■ WORK ITEM:
Your answer should be the line containing "proof (induction q)" and each line after it through the end of the data below, repeated exactly.

[Dataset items]

(* Fix an integer $k\ge 2$. Then \[ \lim_{r\to\infty}\gamma^{B}_{k,r}=\gamma^{B}_{k}\qquad\text{and}\qquad \lim_{r\to\infty}\gamma_{k,r}=\gamma_{k}, \] where the quantities are as defined in the context (in particular, both limits over $r$ exist).
   Context: Let $\Sigma=\{0,1,\dots,k-1\}$. For strings $u=u_1\cdots u_n$, $v=v_1\cdots v_n\in\Sigma^n$, let $\mathbf{L}(u,v)$ be the length of a longest common subsequence of $u$ and $v$, i.e. the largest $m$ such that there are indices $1\le i_1<\dots<i_m\le n$ and $1\le j_1<\dots<j_m\le n$ with $u_{i_a}=v_{j_a}$ for all $a$. For an integer $r\ge 1$, let $\mathbf{L}_r(u,v)$ be the largest such $m$ subject to the additional requirement $|i_a-j_a|\le r$ for all $a$. Let $\mathbf{EL}^{(k)}_n=k^{-2n}\sum_{u,v\in\Sigma^n}\mathbf{L}(u,v)$ and $\mathbf{EL}_{n,k,r}=k^{-2n}\sum_{u,v\in\Sigma^n}\mathbf{L}_r(u,v)$. Bernoulli Matching model: let $(\epsilon_{ij})_{i,j\ge1}$ be independent random variables with $\Pr(\epsilon_{ij}=1)=1/k$, $\Pr(\epsilon_{ij}=0)=1-1/k$. Let $\mathbf{D}_{n}$ be the largest $m$ such that there are $1\le i_1<\dots<i_m\le n$, $1\le j_1<\dots<j_m\le n$ with $\epsilon_{i_aj_a}=1$ for all $a$, and let $\mathbf{R}_{n,r}$ be the largest such $m$ with the additional requirement $|i_a-j_a|\le r$ for all $a$. Let $\mathbf{EL}^{B(k)}_n=\mathbb{E}\,\mathbf{D}_n$ and $\mathbf{EL}^{B}_{n,k,r}=\mathbb{E}\,\mathbf{R}_{n,r}$. All four sequences are superadditive in $n$, so the limits $\gamma_k=\lim_n \mathbf{EL}^{(k)}_n/n$, $\gamma_{k,r}=\lim_n\mathbf{EL}_{n,k,r}/n$, $\gamma^B_k=\lim_n\mathbf{EL}^{B(k)}_n/n$, $\gamma^B_{k,r}=\lim_n\mathbf{EL}^B_{n,k,r}/n$ exist. *)

theory Defs
  imports Complex_Main
begin

definition cs_ok :: "nat \<Rightarrow> (nat \<Rightarrow> nat \<Rightarrow> bool) \<Rightarrow> nat \<Rightarrow> (nat \<Rightarrow> nat) \<Rightarrow> (nat \<Rightarrow> nat) \<Rightarrow> bool" where
  "cs_ok n P m I J \<longleftrightarrow>
     (\<forall>a<m. 1 \<le> I a \<and> I a \<le> n \<and> 1 \<le> J a \<and> J a \<le> n \<and> P (I a) (J a)) \<and>
     (\<forall>a b. a < b \<and> b < m \<longrightarrow> I a < I b \<and> J a < J b)"

definition lcsP :: "nat \<Rightarrow> (nat \<Rightarrow> nat \<Rightarrow> bool) \<Rightarrow> nat" where
  "lcsP n P = Max {m. \<exists>I J. cs_ok n P m I J}"

definition lcsPr :: "nat \<Rightarrow> nat \<Rightarrow> (nat \<Rightarrow> nat \<Rightarrow> bool) \<Rightarrow> nat" where
  "lcsPr n r P = Max {m. \<exists>I J. cs_ok n P m I J \<and> (\<forall>a<m. \<bar>int (I a) - int (J a)\<bar> \<le> int r)}"

text \<open>Strings of length n over the alphabet {0,...,k-1}; position i (1-based) is u ! (i-1).\<close>
definition strs :: "nat \<Rightarrow> nat \<Rightarrow> nat list set" where
  "strs k n = {u. length u = n \<and> set u \<subseteq> {..<k}}"

definition L :: "nat list \<Rightarrow> nat list \<Rightarrow> nat" where
  "L u v = lcsP (length u) (\<lambda>i j. u ! (i - 1) = v ! (j - 1))"

definition Lr :: "nat \<Rightarrow> nat list \<Rightarrow> nat list \<Rightarrow> nat" where
  "Lr r u v = lcsPr (length u) r (\<lambda>i j. u ! (i - 1) = v ! (j - 1))"

definition EL :: "nat \<Rightarrow> nat \<Rightarrow> real" where
  "EL k n = (\<Sum>u\<in>strs k n. \<Sum>v\<in>strs k n. real (L u v)) / real k ^ (2 * n)"

definition ELr :: "nat \<Rightarrow> nat \<Rightarrow> nat \<Rightarrow> real" where
  "ELr n k r = (\<Sum>u\<in>strs k n. \<Sum>v\<in>strs k n. real (Lr r u v)) / real k ^ (2 * n)"

text \<open>Bernoulli matching model: configurations of (eps_ij)_{1<=i,j<=n}, encoded as
  boolean matrices vanishing outside {1..n} x {1..n}, with their probabilities.\<close>
definition bmats :: "nat \<Rightarrow> (nat \<Rightarrow> nat \<Rightarrow> bool) set" where
  "bmats n = {e. \<forall>i j. e i j \<longrightarrow> i \<in> {1..n} \<and> j \<in> {1..n}}"

definition bweight :: "nat \<Rightarrow> nat \<Rightarrow> (nat \<Rightarrow> nat \<Rightarrow> bool) \<Rightarrow> real" where
  "bweight k n e =
     (let ones = card {(i, j). i \<in> {1..n} \<and> j \<in> {1..n} \<and> e i j}
      in (1 / real k) ^ ones * (1 - 1 / real k) ^ (n * n - ones))"

definition ELB :: "nat \<Rightarrow> nat \<Rightarrow> real" where
  "ELB k n = (\<Sum>e\<in>bmats n. bweight k n e * real (lcsP n e))"

definition ELBr :: "nat \<Rightarrow> nat \<Rightarrow> nat \<Rightarrow> real" where
  "ELBr n k r = (\<Sum>e\<in>bmats n. bweight k n e * real (lcsPr n r e))"

definition gamma :: "nat \<Rightarrow> real" where
  "gamma k = lim (\<lambda>n. EL k n / real n)"

definition gamma_r :: "nat \<Rightarrow> nat \<Rightarrow> real" where
  "gamma_r k r = lim (\<lambda>n. ELr n k r / real n)"

definition gammaB :: "nat \<Rightarrow> real" where
  "gammaB k = lim (\<lambda>n. ELB k n / real n)"

definition gammaB_r :: "nat \<Rightarrow> nat \<Rightarrow> real" where
  "gammaB_r k r = lim (\<lambda>n. ELBr n k r / real n)"

end

(*
  Both models are laws M n of a random n x n matching matrix such that, inside the (n+m)-matrix,
  the upper-left n-block and the lower-right m-block are distributed like the n- and the m-matrix.
  Concatenating common subsequences of the two blocks makes the expected LCS, with or without the
  window |i - j| <= r, superadditive in n; by Fekete's lemma gamma_{k,r} and gamma_k are then the
  suprema of EL_{n,k,r}/n and EL_n/n. The window is vacuous for n <= r + 1, so
  EL_{r+1}/(r+1) <= gamma_{k,r} <= gamma_k, and the left-hand side tends to gamma_k.
*)
theory Submission
  imports Defs "HOL-Probability.Product_PMF"
begin

section \<open>Fekete's lemma\<close>

lemma superadditive_mult:
  fixes a :: "nat \<Rightarrow> real"
  assumes superadditive: "\<And>m n. a m + a n \<le> a (m + n)" and nonneg: "\<And>n. 0 \<le> a n"
  shows "real q * a m \<le> a (q * m)"
proof (induction q)
  case 0
  then show ?case
    using nonneg by simp
next
  case (Suc q)
  then show ?case
    using superadditive[of "q * m" m] by (simp add: algebra_simps)
qed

■ TASK ANSWER:
proof (induction q)
  case 0
  then show ?case
    using nonneg by simp
next
  case (Suc q)
  then show ?case
    using superadditive[of "q * m" m] by (simp add: algebra_simps)
qed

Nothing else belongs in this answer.